| Stored data entries |
#####

(* Let $O$ be a validated totally-ordered object, $S$ a sequence of operations, $i\neq j$ processes, and $op_i, op_j\notin S$ operations issued by $i$ and $j$ respectively, with $\mathrm{valid}(S,op_i,i)=\mathit{True}$, $\mathrm{valid}(S,op_j,j)=\mathit{True}$, $\mathrm{valid}(S\|op_j,op_i,i)=\mathit{False}$ and $\mathrm{valid}(S\|op_i,op_j,j)=\mathit{True}$. Then, in an asynchronous system in which at most one of $i,j$ crashes, the following algorithm solves consensus between $i$ and $j$ (every correct one decides, both decide the same value, and it was proposed by $i$ or $j$). Setup: $O$ is initialized with state $S$; $c_i, c_j$ are reliable atomic SWMR registers written only by $i$ resp. $j$, initially $\bot$. For each process $k\in\{i,j\}$ there are reliable SWMR vectors $oplist_k$ (written only by $k$) and $reslist_k$ (written only by $O$), all entries initially $\bot$. LoggedApply$(op,k)$ at process $k$, with local counter $c_k$ starting at $1$: write $op$ into $oplist_k[c_k]$, wait until $reslist_k[c_k]\neq\bot$, read it as $res$, increment $c_k$, return $res$. The object runs, for each $k$, a task with its own counter $d_k$ starting at $1$: repeatedly wait until $oplist_k[d_k]\neq\bot$, read $op$ from it, compute $res\leftarrow O.\mathrm{apply}(op,k)$, write $res$ into $reslist_k[d_k]$, increment $d_k$. Process $i$, proposing $v_1$: write $v_1$ to $c_i$; $res\leftarrow$ LoggedApply$(op_i,i)$; if $res=(\mathit{NACK},-)$ read $v_2$ from $c_j$ and decide it, else decide $v_1$. Process $j$, proposing $v_2$: write $v_2$ to $c_j$; $res\leftarrow$ LoggedApply$(op_j,j)$; if there is an index $c$ with $oplist_i[c]=op_i$, then wait until $reslist_i[c]\neq\bot$, read it as $opires$, and if $opires=(\mathit{ACK},r)$ read $v_1$ from $c_i$ and decide $v_1$, while if $opires=(\mathit{NACK},-)$ decide $v_2$; if there is no such index, decide $v_2$.
   Context: Validated object: given a predicate $\mathrm{valid}(\cdot, op, i)$ and function $\mathrm{execute}(\cdot, op, i)$, first argument a strictly partially ordered set of operations (a sequence when totally ordered), $op$ an operation, $i$ its issuer. Clients use $\mathrm{apply}(op,i)$, returning $(\mathit{ACK}, r)$ if $op$ is found valid and executed with result $r$, and $(\mathit{NACK},-)$ otherwise. For a sequence $S$, $S\|op$ denotes $S$ followed by $op$. The history of a run contains only operations for which $\mathrm{apply}$ returns $\mathit{ACK}$; $C(R)$ is the set of complete such operations; $op\rightarrow op'$ means the response of $op$ precedes the invocation of $op'$. Validated totally-ordered object: in every run $R$ there is a total order $\ll$ on $C(R)$ such that (1) $op\rightarrow op'$ implies $op\ll op'$; (2) for every $op\in C(R)$ issued by $i$, with $P(op)=\{op'\in C(R): op'\ll op\}$, $\mathrm{valid}(\langle P(op),\ll\rangle,op,i)=\mathit{True}$ and $op$ returns $\mathrm{execute}(\langle P(op),\ll\rangle,op,i)$. The object $O$ and the shared memory are assumed reliable (never fail). *)

theory Defs
  imports Main
begin

datatype 'r resp = ACK 'r | NACK

(* program counters of the two processes (shared datatype, meaning depends on process) *)
datatype ppc = P0 | P1 | P2 | P3 | P4 | P5 | PDone

datatype ('op, 'r) tpc = TWait | TApply 'op | TWrite "'r resp"

datatype 'p actor = Proc 'p | Task 'p

(* global state: shared memory, object state, local states.
   Registers/vector entries: None = bottom. Decisions: None = undecided,
   Some x = decided the value x read (x itself possibly bottom). *)
record ('p, 'op, 'v, 'r) sys =
  sys_creg    :: "'p \<Rightarrow> 'v option"
  sys_oplist  :: "'p \<Rightarrow> nat \<Rightarrow> 'op option"
  sys_reslist :: "'p \<Rightarrow> nat \<Rightarrow> 'r resp option"
  sys_ostate  :: "'op list"
  sys_pc      :: "'p \<Rightarrow> ppc"
  sys_ctr     :: "'p \<Rightarrow> nat"
  sys_lres    :: "'p \<Rightarrow> 'r resp option"
  sys_jidx    :: nat
  sys_dec     :: "'p \<Rightarrow> 'v option option"
  sys_tpc     :: "'p \<Rightarrow> ('op, 'r) tpc"
  sys_dctr    :: "'p \<Rightarrow> nat"
(* Let $p\in(0,1]$. Let $Q=(q_{j,k})_{j,k\geq 0}$ be the generator on $\mathbb N_0$ with $q_{j,j+1}=jp$, $q_{j,k}=\binom{j}{k}p^k(1-p)^{j-k}$ for $0\leq k\leq j-1$, $q_{j,j}=-(jp+1-p^j)$, and $q_{j,k}=0$ otherwise. Let $\bar Q=(\bar q_{j,k})_{j,k\geq1}$ be the generator on $\mathbb N=\{1,2,\dots\}$ with $\bar q_{j,k}=\binom{j-1}{k-1}p^k(1-p)^{j-k}$ for $1\leq k\leq j-1$, $\bar q_{j,j+1}=(j+1)p$, $\bar q_{j,j}=p^j-(2+j)p$, and $\bar q_{j,k}=0$ otherwise. If $\bar Q$ defines a positive recurrent Markov chain, then there exists a quasi-stationary distribution $a$ for $Q$ with eigenvalue $-(1-2p)$, i.e. $a=(a_k)_{k\geq1}$ with $a_k\geq0$, $\sum_k a_k=1$ and $\sum_{j\geq1}a_jq_{j,k}=-(1-2p)a_k$ for all $k\geq1$.
   Context: $\bar Q$ is the $(1-2p)$-dual of $Q$ with respect to the vector $x_k=k$, i.e. $\bar q_{j,k}=(q_{j,k}+(1-2p)\delta_{jk})k/j$ for $j,k\geq1$. *)

theory Defs
  imports "HOL-Analysis.Analysis"
begin

definition Qgen :: "real \<Rightarrow> nat \<Rightarrow> nat \<Rightarrow> real" where
  "Qgen p j k =
     (if k = j + 1 then real j * p
      else if k < j then real (j choose k) * p ^ k * (1 - p) ^ (j - k)
      else if k = j then - (real j * p + 1 - p ^ j)
      else 0)"

text \<open>The dual generator Qbar on the positive integers (only entries with j, k >= 1 matter).\<close>
definition Qbar :: "real \<Rightarrow> nat \<Rightarrow> nat \<Rightarrow> real" where
  "Qbar p j k =
     (if 1 \<le> k \<and> k < j then real ((j - 1) choose (k - 1)) * p ^ k * (1 - p) ^ (j - k)
      else if k = j + 1 then real (j + 1) * p
      else if k = j then p ^ j - (2 + real j) * p
      else 0)"

text \<open>Jump matrix of the embedded (jump) chain, with q_i = - Q i i (Norris' convention).\<close>
definition jump_matrix :: "(nat \<Rightarrow> nat \<Rightarrow> real) \<Rightarrow> nat \<Rightarrow> nat \<Rightarrow> real" where
  "jump_matrix Q i j =
     (if - Q i i > 0 then (if j \<noteq> i then Q i j / (- Q i i) else 0)
      else (if j = i then 1 else 0))"

text \<open>taboo S Q i n j: probability that the jump chain started at i is at j at step n
  without having visited i at any of the steps 1, ..., n-1.\<close>
fun taboo :: "nat set \<Rightarrow> (nat \<Rightarrow> nat \<Rightarrow> real) \<Rightarrow> nat \<Rightarrow> nat \<Rightarrow> nat \<Rightarrow> ennreal" where
  "taboo S Q i 0 j = (if j = i then 1 else 0)"
| "taboo S Q i (Suc n) j =
     (\<Sum>k. if k \<in> S \<and> (k \<noteq> i \<or> n = 0) then taboo S Q i n k * ennreal (jump_matrix Q k j) else 0)"

definition ctmc_irreducible :: "nat set \<Rightarrow> (nat \<Rightarrow> nat \<Rightarrow> real) \<Rightarrow> bool" where
  "ctmc_irreducible S Q \<longleftrightarrow>
     (\<forall>i\<in>S. \<forall>j\<in>S. (i, j) \<in> {(a, b). a \<in> S \<and> b \<in> S \<and> a \<noteq> b \<and> Q a b > 0}\<^sup>*)"

text \<open>Expected return time m_i = E_i[T_i], T_i = inf{t >= J_1 : X_t = i}:
  holding time at i plus expected holding times at the states j visited before returning.\<close>
definition mean_return_time :: "nat set \<Rightarrow> (nat \<Rightarrow> nat \<Rightarrow> real) \<Rightarrow> nat \<Rightarrow> ennreal" where
  "mean_return_time S Q i =
     ennreal (1 / (- Q i i)) +
     (\<Sum>n. \<Sum>j. if j \<in> S \<and> j \<noteq> i then taboo S Q i (Suc n) j * ennreal (1 / (- Q j j)) else 0)"

definition pos_recurrent_state :: "nat set \<Rightarrow> (nat \<Rightarrow> nat \<Rightarrow> real) \<Rightarrow> nat \<Rightarrow> bool" where
  "pos_recurrent_state S Q i \<longleftrightarrow>
     - Q i i > 0 \<and> (\<Sum>n. taboo S Q i (Suc n) i) = 1 \<and> mean_return_time S Q i < \<infinity>"

definition pos_recurrent_chain :: "nat set \<Rightarrow> (nat \<Rightarrow> nat \<Rightarrow> real) \<Rightarrow> bool" where
  "pos_recurrent_chain S Q \<longleftrightarrow> ctmc_irreducible S Q \<and> (\<forall>i\<in>S. pos_recurrent_state S Q i)"

definition qsd :: "(nat \<Rightarrow> nat \<Rightarrow> real) \<Rightarrow> real \<Rightarrow> (nat \<Rightarrow> real) \<Rightarrow> bool" where
  "qsd Q lam a \<longleftrightarrow>
     (\<forall>k\<ge>1. a k \<ge> 0) \<and> (a has_sum 1) {1..} \<and>
     (\<forall>k\<ge>1. ((\<lambda>j. a j * Q j k) has_sum (lam * a k)) {1..})"

end

theory Submission
  imports Defs
begin

(* The chain Qbar is the (1 - 2p)-dual of Q with respect to x_k = k, i.e.
   k q_jk = j qbar_jk - (1 - 2p) delta_jk k.  Hence every invariant measure mu of Qbar
   (mu Qbar = 0) yields a measure a_j = mu_j / j with a Q = -(1 - 2p) a.
   Positive recurrence of Qbar supplies a finite invariant measure: the expected time spent in
   each state during an excursion from state 1, whose total mass is the mean return time.
   Since mu_j / j <= mu_j, the measure a is finite as well and can be normalised. *)

lemma suminf_ennreal_commute:
  fixes f :: "nat \<Rightarrow> nat \<Rightarrow> ennreal"
  shows "(\<Sum>i. \<Sum>j. f i j) = (\<Sum>j. \<Sum>i. f i j)"
proof -
  have "(\<Sum>i. \<Sum>j. f i j) = (\<Sum>i. \<integral>\<^sup>+j. f i j \<partial>count_space UNIV)"
    by (simp add: nn_integral_count_space_nat)
  also have "\<dots> = \<integral>\<^sup>+j. (\<Sum>i. f i j) \<partial>count_space UNIV"
    by (rule nn_integral_suminf[symmetric]) simp
  also have "\<dots> = (\<Sum>j. \<Sum>i. f i j)"
    by (simp add: nn_integral_count_space_nat)
  finally show ?thesis .
qed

#####

For the records given here, say how many lines hold the string "definition", with no further words.

| Answer space |
8